Source data:
☆ ☆ ☆ ☆

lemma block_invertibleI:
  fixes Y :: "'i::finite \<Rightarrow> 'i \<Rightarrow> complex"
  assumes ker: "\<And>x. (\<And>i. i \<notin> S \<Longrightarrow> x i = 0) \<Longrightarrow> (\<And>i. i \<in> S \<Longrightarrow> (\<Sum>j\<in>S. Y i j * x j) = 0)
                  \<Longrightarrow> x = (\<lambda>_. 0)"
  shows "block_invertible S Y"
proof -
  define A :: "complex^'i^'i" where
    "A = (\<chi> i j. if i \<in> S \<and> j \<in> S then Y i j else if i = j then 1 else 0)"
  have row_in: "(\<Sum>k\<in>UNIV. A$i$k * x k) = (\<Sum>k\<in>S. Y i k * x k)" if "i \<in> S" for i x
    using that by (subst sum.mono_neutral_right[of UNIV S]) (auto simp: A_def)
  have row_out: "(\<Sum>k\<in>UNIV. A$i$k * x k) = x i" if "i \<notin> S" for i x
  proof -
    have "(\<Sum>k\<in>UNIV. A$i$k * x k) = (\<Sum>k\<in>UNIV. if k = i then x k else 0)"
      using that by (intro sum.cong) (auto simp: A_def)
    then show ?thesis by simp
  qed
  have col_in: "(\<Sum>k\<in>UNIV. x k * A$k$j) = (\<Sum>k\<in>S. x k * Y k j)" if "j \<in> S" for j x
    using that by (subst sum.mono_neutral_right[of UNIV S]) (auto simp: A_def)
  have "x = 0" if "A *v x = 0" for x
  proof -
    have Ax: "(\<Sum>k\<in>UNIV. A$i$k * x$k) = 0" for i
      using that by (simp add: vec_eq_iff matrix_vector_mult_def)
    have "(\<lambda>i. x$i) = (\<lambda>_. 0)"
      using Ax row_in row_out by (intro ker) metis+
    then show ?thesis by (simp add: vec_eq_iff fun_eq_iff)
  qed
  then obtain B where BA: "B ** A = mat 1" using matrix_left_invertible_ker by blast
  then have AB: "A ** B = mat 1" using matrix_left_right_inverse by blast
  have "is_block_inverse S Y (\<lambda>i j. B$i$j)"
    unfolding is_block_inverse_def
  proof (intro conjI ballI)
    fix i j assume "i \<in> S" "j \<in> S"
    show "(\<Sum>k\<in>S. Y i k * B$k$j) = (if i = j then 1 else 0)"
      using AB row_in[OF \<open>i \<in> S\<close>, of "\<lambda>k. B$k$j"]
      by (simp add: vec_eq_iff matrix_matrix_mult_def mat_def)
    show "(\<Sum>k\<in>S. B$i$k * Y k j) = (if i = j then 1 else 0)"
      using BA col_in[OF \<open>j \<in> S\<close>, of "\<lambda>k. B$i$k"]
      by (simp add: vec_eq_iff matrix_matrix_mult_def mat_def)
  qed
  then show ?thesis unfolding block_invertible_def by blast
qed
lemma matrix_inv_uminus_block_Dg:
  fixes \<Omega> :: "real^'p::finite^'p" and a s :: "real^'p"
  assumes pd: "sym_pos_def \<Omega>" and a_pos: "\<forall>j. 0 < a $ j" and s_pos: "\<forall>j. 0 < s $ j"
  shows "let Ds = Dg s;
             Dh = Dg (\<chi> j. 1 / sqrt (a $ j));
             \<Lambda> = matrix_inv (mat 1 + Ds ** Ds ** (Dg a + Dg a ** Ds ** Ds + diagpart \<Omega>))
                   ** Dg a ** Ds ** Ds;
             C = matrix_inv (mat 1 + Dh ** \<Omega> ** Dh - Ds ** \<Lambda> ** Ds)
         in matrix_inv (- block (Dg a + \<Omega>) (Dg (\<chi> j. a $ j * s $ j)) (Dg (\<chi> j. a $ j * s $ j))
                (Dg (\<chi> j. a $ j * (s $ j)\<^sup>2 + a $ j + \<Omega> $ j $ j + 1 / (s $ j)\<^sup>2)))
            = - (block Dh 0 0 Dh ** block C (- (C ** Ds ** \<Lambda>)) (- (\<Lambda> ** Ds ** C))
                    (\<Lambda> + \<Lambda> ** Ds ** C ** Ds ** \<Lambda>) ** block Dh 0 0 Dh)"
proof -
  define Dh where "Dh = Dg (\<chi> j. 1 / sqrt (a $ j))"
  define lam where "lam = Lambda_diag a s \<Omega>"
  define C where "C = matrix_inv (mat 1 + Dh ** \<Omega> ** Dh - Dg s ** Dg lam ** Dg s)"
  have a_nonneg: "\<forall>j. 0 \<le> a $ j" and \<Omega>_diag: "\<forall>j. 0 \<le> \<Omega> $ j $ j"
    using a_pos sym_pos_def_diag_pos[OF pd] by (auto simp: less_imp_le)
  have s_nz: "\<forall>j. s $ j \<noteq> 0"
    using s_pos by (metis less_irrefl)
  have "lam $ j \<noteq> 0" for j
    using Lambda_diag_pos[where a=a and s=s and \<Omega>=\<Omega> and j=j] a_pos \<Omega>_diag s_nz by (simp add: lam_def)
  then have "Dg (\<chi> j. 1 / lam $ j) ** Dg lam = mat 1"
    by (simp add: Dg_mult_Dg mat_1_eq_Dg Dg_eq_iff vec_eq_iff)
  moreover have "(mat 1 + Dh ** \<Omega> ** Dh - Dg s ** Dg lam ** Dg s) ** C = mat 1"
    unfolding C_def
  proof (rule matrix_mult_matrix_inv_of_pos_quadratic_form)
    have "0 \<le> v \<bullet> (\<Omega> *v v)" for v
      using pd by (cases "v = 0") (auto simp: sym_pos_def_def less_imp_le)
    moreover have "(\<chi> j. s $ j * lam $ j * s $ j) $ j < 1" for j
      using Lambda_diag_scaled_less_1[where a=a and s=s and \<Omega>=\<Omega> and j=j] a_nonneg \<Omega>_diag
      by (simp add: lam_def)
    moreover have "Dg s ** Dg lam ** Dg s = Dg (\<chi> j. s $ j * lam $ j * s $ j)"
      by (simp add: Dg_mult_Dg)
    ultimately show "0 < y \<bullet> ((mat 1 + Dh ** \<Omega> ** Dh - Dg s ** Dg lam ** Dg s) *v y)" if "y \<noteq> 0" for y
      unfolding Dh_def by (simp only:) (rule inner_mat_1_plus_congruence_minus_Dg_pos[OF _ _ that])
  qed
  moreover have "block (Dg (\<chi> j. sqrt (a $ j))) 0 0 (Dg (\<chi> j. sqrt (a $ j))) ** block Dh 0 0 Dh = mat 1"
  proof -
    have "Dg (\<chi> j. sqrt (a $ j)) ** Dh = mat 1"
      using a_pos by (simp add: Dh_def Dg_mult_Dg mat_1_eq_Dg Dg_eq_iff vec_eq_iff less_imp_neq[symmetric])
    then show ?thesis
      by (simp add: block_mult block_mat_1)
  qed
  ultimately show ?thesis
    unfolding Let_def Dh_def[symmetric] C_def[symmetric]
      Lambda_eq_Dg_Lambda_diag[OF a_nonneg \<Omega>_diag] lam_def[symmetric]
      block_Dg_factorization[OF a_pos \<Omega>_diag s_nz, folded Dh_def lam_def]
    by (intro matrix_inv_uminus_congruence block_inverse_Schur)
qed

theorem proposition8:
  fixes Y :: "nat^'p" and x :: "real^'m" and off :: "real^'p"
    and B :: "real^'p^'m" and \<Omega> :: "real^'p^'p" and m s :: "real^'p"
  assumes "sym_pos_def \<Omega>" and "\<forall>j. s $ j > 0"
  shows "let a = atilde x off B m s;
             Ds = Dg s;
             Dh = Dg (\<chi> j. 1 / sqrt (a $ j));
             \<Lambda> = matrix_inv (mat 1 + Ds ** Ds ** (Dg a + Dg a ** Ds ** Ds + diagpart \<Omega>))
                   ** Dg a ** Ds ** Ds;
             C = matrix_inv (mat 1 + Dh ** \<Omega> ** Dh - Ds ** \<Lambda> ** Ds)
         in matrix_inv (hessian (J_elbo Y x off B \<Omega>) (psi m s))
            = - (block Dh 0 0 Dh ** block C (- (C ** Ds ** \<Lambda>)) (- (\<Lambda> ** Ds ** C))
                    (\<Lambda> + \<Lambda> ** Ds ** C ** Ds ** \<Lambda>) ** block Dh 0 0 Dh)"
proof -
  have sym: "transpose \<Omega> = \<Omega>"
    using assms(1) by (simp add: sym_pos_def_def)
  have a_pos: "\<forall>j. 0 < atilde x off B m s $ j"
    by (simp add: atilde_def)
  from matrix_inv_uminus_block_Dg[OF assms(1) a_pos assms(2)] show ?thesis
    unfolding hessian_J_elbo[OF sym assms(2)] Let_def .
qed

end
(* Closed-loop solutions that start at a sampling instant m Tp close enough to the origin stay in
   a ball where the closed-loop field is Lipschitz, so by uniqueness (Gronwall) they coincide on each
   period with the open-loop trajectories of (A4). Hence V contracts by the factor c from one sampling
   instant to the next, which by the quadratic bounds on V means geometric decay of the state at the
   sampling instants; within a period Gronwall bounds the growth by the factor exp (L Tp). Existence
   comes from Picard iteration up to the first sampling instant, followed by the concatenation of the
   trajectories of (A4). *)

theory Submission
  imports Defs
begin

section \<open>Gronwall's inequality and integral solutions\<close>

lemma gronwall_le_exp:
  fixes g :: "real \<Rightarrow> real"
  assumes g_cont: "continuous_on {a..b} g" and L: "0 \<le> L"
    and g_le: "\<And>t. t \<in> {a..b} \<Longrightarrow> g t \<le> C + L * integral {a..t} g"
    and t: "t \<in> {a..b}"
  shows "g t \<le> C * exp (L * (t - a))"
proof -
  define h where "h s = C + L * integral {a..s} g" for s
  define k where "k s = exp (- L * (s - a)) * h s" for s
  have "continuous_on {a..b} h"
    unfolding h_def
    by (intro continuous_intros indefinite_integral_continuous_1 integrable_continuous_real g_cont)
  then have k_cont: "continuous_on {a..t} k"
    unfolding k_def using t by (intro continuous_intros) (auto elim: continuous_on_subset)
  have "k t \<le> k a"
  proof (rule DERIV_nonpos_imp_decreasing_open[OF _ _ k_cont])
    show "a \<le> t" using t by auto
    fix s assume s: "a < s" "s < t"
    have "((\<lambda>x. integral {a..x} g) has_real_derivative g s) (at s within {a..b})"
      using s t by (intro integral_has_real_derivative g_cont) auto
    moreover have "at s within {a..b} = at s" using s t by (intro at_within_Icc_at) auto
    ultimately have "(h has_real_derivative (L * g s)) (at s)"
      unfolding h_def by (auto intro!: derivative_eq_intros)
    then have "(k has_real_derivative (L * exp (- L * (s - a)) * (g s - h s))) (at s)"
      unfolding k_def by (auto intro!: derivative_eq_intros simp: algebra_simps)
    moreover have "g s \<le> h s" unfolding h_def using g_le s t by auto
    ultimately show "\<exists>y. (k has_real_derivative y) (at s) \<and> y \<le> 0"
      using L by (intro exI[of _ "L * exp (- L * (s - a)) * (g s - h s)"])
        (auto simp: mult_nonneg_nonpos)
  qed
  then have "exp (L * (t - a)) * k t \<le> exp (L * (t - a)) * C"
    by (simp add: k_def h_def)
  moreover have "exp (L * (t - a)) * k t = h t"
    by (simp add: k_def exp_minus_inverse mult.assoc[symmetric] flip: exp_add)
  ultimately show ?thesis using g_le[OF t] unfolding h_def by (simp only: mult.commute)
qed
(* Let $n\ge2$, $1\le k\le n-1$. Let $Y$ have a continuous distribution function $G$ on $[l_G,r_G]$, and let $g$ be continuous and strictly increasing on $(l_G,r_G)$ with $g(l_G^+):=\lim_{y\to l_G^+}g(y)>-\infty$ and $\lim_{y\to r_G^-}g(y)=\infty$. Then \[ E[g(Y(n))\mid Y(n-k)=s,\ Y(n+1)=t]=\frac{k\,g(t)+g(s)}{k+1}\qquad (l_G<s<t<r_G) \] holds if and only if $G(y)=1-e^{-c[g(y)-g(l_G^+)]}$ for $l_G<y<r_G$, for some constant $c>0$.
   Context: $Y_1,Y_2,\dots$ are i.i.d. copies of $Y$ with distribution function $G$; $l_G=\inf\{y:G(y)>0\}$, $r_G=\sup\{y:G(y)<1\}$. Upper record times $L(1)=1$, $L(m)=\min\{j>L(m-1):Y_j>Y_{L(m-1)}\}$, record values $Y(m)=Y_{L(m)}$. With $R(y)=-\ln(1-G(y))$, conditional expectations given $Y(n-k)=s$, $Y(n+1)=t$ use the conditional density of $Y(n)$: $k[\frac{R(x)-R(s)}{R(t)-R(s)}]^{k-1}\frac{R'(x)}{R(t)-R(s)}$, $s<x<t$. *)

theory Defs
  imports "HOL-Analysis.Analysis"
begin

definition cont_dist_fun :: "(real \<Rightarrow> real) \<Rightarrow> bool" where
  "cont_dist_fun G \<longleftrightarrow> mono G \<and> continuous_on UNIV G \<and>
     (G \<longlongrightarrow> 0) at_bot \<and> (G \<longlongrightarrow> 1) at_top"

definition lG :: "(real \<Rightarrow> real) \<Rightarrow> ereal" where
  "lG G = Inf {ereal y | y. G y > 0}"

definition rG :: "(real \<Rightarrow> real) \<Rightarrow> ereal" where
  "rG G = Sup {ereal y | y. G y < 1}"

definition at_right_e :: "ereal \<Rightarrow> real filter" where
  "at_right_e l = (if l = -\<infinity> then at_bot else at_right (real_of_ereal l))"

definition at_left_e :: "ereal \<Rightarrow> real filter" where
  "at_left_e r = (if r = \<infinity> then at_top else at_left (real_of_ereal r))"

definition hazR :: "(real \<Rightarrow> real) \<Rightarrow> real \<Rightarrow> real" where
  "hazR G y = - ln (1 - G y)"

☆ ☆ ☆ ☆

*Required action*: Taking the entries above, write out exactly each line from the one holding "then show ?thesis by (simp" to the one holding "B$k$j) = (if", both included, and stop there.

*Reply*:
    then show ?thesis by (simp add: vec_eq_iff fun_eq_iff)
  qed
  then obtain B where BA: "B ** A = mat 1" using matrix_left_invertible_ker by blast
  then have AB: "A ** B = mat 1" using matrix_left_right_inverse by blast
  have "is_block_inverse S Y (\<lambda>i j. B$i$j)"
    unfolding is_block_inverse_def
  proof (intro conjI ballI)
    fix i j assume "i \<in> S" "j \<in> S"
    show "(\<Sum>k\<in>S. Y i k * B$k$j) = (if i = j then 1 else 0)"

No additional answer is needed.